As used herein, the term “COX-1” refers to one of two isoforms of the enzyme fatty acid cyclooxygenase called cyclooxygenase-1.
As used herein, the term “COX-2” refers to one of two isoforms of the enzyme fatty acid cyclooxygenase called cyclooxygenase-2.

The term “mg” as used herein means milligrams.
The term “g” as used herein means gram.
The term “mpk” as used herein refers to the number of milligrams per kilogram.
The term “SLS” as used herein refers to sodium lauryl sulfate.
The term “PVP” as used herein refers to polyvinylpyrrolidone.

  As used herein, the term “inflammatory-related disease” or “inflammatory disease” refers to, but is not limited to, the symptoms or diseases listed below. However, these terms further encompass therapeutic conditions where inflammation or processes associated with inflammation play a role.

  As used herein, the terms “neoplasia” and “neoplasia” are used interchangeably, and new abnormal cell proliferation, including those in which cell growth is uncontrolled and progressive Means. Neoplasms can be benign or malignant. Neoplasia also encompasses the term “cancer” for the purposes of the present invention; cancer is one of the subtypes of neoplasia. The term “neoplastic disease” as used herein also encompasses other cellular abnormalities such as hyperplasia, alteration and dysplasia. As used herein, the terms “neoplastic”, “degenerative”, “dysplasia” and “hyperplasia” are used interchangeably and generally refer to cells that exhibit abnormal cell growth.

  Both the terms “neoplastic” and “neoplastic disease” refer to benign, precancerous, metastatic or malignant “neoplasms” or “tumors”.

  As used herein, the terms `` for preventing '', `` preventing '' or `` preventing '' refer to reducing the patient's constitution, or the slightest risk of developing a disease or disorder, Including any of the following: (1) substantially preventing the onset of clinically apparent disorder or disease in the patient; (2) preventing the onset of preclinically apparent stage of disorder or disease in the patient. Prevent; or (3) substantially prevent the disorder or disease of the patient. This definition includes prophylactic treatment.

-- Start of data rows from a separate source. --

lemma emeasure_sphere_boundary_layer_le:
  fixes C :: "'a::euclidean_space set"
  assumes C: "convex_cone C" "closed C" and e: "e \<in> C" and h: "0 < h" "real N * h \<le> 1"
  shows "of_nat N * emeasure sphere_measure {u \<in> Omega C. u - h *\<^sub>R e \<notin> C}
    \<le> of_nat DIM('a) * emeasure lborel (ball (0::'a) (1 + norm e))"
proof -
  have [measurable]: "C \<in> sets borel"
    using C(2) by simp
  have "{u \<in> Omega C. u - h *\<^sub>R e \<notin> C} \<in> sets borel"
    unfolding Omega_def by measurable
  then have "of_nat N * emeasure sphere_measure {u \<in> Omega C. u - h *\<^sub>R e \<notin> C}
      \<le> of_nat DIM('a) * (of_nat N * emeasure lborel {x \<in> ball 0 1 \<inter> C. x - h *\<^sub>R e \<notin> C})"
    using normalize_preimage_boundary_layer_subset[OF C(1) e, of h] h
    by (auto simp: emeasure_sphere_measure mult.left_commute intro!: mult_left_mono emeasure_mono)
  also have "\<dots> \<le> of_nat DIM('a) * emeasure lborel (ball (0::'a) (1 + norm e))"
    using emeasure_cone_boundary_layer_le[OF C e h] by (rule mult_left_mono) simp
  finally show ?thesis .
qed

lemma emeasure_sphere_dyadic_layer_le:
  fixes C :: "'a::euclidean_space set"
  assumes C: "convex_cone C" "closed C" and e: "e \<in> C"
  shows "emeasure sphere_measure {u \<in> Omega C. u - (1 / 2 ^ k) *\<^sub>R e \<notin> C}
    \<le> ennreal (1 / 2 ^ k) * (of_nat DIM('a) * emeasure lborel (ball (0::'a) (1 + norm e)))"
proof -
  have "ennreal (1 / 2 ^ k) * of_nat (2 ^ k) = 1"
    by (simp add: ennreal_of_nat_eq_real_of_nat ennreal_mult[symmetric])
  then have "emeasure sphere_measure {u \<in> Omega C. u - (1 / 2 ^ k) *\<^sub>R e \<notin> C}
      = ennreal (1 / 2 ^ k) * (of_nat (2 ^ k) * emeasure sphere_measure {u \<in> Omega C. u - (1 / 2 ^ k) *\<^sub>R e \<notin> C})"
    by (simp add: mult.assoc[symmetric])
  also have "\<dots> \<le> ennreal (1 / 2 ^ k) * (of_nat DIM('a) * emeasure lborel (ball (0::'a) (1 + norm e)))"
    using emeasure_sphere_boundary_layer_le[OF C e, of "1 / 2 ^ k" "2 ^ k"] by (intro mult_left_mono) simp_all
  finally show ?thesis .
qed

lemma nn_integral_le_layers:
  fixes f :: "'a \<Rightarrow> ennreal" and b :: "nat \<Rightarrow> ennreal"
  assumes "A \<in> sets M" "\<And>k. W k \<in> sets M"
    and "\<And>u. u \<in> A \<Longrightarrow> f u \<le> a \<or> (\<exists>k. u \<in> W k \<and> f u \<le> b k)"
  shows "(\<integral>\<^sup>+u\<in>A. f u \<partial>M) \<le> a * emeasure M A + (\<Sum>k. b k * emeasure M (W k))"
proof -
  have "f u * indicator A u \<le> a * indicator A u + (\<Sum>k. b k * indicator (W k) u)" for u
  proof (cases "u \<in> A")
    case True
    then consider "f u \<le> a" | k where "u \<in> W k" "f u \<le> b k"
      using assms(3) by blast
    then show ?thesis
    proof cases
      case 2
      then have "f u \<le> (\<Sum>k\<in>{k}. b k * indicator (W k) u)"
        by simp
      also have "\<dots> \<le> (\<Sum>k. b k * indicator (W k) u)"
        by (rule sum_le_suminf) auto
      finally show ?thesis
        using True by (simp add: add_increasing)
    qed (use True in \<open>simp add: add_increasing2\<close>)
  qed simp
  then have "(\<integral>\<^sup>+u\<in>A. f u \<partial>M)
      \<le> (\<integral>\<^sup>+u. a * indicator A u + (\<Sum>k. b k * indicator (W k) u) \<partial>M)"
    by (intro nn_integral_mono) simp
  also have "\<dots> = a * emeasure M A + (\<Sum>k. b k * emeasure M (W k))"
    using assms(1,2) by (simp add: nn_integral_add nn_integral_suminf nn_integral_cmult_indicator)
  finally show ?thesis .
qed

lemma radial_dyadic_bound:
  assumes C: "convex_cone C" "e \<in> C" "u \<in> interior C" and "0 < c"
    and mem: "\<And>h. 0 < h \<Longrightarrow> u - h *\<^sub>R e \<in> C \<Longrightarrow> (c / h) *\<^sub>R u \<in> E"
  shows "radial E u \<le> c \<or> (\<exists>k. u - (1 / 2 ^ k) *\<^sub>R e \<notin> C \<and> radial E u \<le> c * 2 ^ Suc k)"
proof -
  have bound: "radial E u \<le> c / h" if "0 < h" "u - h *\<^sub>R e \<in> C" for h
    using radial_le[of "c / h" u E] mem[OF that] \<open>0 < c\<close> that(1) by simp
  define P where "P k \<longleftrightarrow> u - (1 / 2 ^ k) *\<^sub>R e \<in> C" for k :: nat
  obtain h where h: "h > 0" "u - h *\<^sub>R e \<in> C"
    using interior_diff_scaleR[OF C(3)] .
  obtain k :: nat where "(1 / 2) ^ k < h"
    using real_arch_pow_inv[OF h(1), of "1 / 2"] by auto
  then have "P k"
    unfolding P_def using convex_cone_diff_scaleR_mono[OF C(1,2) h(2)] by (simp add: power_one_over)
  show ?thesis
  proof (cases "P 0")
    case True
    then show ?thesis
      using bound[of 1] by (simp add: P_def)
  next
    case False
    then obtain k where "\<not> P k" "P (Suc k)"
      using exists_least_lemma[of P] \<open>P k\<close> by blast
    then show ?thesis
      using bound[of "1 / 2 ^ Suc k"] by (auto simp: P_def)
  qed
qed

  The term “inhibition” as used herein refers to a reduction in the severity of a disorder or disease as compared to what occurs without application of the present invention. This reduction in severity results from a reduction in any or a combination of symptoms specific to the disease or disorder. For example, in the case of inflammation, this includes symptoms such as swelling, pain, redness, stiffness and the like. At the cellular level, this includes such features as chemotaxis; release of mediators of inflammation such as prostaglandins, chemokines, leukotrienes; cell invasion; immune cell activation and the like.

  The term “therapeutically effective” refers to the goal of improving the severity and frequency of disease compared to no treatment or treatment with each drug alone, while avoiding the harmful side effects typically associated with other treatments. It limits the amount of each drug achieved.

  The term “patient” in treatment or prevention includes humans or animals susceptible to a disorder or disease. The patient is a farm animal, laboratory animal, zoo animal or pet. In one aspect, the patient is a mammal. In another embodiment, the mammal is a human. In other embodiments, the patient is a pet such as a dog, cat or horse.

  The term “COX-2 selective inhibitor” encompasses compounds that selectively inhibit the COX-2 enzyme over the COX-1 enzyme, as well as pharmaceutically acceptable salts and prodrugs of those compounds.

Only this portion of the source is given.